Work required
If a line of the records contains the word "bool", list it.

Source data
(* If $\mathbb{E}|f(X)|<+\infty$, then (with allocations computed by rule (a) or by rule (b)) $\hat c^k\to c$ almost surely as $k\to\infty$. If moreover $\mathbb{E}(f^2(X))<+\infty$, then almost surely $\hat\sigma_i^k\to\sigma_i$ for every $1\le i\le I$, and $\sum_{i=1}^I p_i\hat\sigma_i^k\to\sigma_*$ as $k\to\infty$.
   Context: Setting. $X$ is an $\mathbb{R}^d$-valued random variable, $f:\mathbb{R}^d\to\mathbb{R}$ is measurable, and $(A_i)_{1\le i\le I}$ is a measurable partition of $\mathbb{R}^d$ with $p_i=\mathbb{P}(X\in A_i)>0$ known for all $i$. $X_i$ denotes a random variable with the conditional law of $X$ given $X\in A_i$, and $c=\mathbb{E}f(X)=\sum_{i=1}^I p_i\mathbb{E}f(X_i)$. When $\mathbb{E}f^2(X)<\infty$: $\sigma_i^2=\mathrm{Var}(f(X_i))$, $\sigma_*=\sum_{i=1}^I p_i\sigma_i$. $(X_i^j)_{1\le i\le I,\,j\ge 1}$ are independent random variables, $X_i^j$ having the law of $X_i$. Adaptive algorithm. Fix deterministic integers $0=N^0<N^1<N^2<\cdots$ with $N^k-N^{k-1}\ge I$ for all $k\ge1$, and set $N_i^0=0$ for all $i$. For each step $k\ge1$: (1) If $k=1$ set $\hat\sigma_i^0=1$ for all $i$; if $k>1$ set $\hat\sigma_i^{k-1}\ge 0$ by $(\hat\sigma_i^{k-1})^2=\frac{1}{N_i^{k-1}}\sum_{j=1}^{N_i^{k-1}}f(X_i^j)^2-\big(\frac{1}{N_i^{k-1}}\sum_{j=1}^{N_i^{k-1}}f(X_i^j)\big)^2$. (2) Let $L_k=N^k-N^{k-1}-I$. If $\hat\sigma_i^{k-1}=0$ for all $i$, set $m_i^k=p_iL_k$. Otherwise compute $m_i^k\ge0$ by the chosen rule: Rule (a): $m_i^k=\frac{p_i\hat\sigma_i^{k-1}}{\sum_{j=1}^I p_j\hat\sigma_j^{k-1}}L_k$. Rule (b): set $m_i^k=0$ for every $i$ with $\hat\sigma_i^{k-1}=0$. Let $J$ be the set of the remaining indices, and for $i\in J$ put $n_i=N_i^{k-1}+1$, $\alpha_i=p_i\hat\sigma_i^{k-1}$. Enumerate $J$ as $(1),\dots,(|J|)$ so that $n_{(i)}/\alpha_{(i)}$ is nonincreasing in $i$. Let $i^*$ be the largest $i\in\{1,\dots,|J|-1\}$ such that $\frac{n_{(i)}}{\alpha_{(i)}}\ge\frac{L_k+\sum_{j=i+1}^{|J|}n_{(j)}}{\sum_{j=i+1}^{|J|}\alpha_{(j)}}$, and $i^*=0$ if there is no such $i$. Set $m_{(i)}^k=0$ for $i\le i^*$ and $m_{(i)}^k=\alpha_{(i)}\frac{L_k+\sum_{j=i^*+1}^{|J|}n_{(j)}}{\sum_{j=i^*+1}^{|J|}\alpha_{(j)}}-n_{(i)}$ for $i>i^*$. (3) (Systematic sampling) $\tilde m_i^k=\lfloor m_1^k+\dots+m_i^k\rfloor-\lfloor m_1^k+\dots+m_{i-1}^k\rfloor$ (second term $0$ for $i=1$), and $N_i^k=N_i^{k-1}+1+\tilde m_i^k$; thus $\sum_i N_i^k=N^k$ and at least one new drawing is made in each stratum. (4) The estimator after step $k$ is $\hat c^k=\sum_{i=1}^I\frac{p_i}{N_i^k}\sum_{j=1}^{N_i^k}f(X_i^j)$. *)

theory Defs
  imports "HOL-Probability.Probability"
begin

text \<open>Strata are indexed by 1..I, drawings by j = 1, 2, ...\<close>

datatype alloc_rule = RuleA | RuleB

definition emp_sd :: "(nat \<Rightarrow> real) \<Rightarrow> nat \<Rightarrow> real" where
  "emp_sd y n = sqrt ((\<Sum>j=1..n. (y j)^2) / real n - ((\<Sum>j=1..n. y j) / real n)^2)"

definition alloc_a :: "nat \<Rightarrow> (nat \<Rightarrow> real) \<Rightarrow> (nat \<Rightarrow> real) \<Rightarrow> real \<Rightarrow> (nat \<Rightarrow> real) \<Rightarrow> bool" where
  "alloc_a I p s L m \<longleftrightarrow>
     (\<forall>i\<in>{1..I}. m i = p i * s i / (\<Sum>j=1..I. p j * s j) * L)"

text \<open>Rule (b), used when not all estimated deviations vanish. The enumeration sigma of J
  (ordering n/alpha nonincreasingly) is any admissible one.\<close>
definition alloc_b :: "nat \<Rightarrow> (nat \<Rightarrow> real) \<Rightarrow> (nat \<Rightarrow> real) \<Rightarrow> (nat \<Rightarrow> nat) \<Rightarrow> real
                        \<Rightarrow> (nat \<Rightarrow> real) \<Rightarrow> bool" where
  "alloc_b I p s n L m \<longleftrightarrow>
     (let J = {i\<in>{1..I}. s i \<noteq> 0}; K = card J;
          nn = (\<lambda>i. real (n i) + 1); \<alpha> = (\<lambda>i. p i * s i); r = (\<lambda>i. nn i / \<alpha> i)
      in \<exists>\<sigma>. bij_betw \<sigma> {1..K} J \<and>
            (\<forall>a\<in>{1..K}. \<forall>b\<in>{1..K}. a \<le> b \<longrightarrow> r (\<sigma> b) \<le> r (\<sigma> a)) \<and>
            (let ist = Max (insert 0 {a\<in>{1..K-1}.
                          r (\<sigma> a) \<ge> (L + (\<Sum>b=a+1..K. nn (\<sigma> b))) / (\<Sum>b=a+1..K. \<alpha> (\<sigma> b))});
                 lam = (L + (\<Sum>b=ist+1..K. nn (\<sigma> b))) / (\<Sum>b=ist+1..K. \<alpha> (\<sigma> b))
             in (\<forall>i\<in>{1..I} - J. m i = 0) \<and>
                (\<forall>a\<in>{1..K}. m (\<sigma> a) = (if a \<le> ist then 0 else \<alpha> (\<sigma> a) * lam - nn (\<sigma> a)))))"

Your response
definition alloc_a :: "nat \<Rightarrow> (nat \<Rightarrow> real) \<Rightarrow> (nat \<Rightarrow> real) \<Rightarrow> real \<Rightarrow> (nat \<Rightarrow> real) \<Rightarrow> bool" where
                        \<Rightarrow> (nat \<Rightarrow> real) \<Rightarrow> bool" where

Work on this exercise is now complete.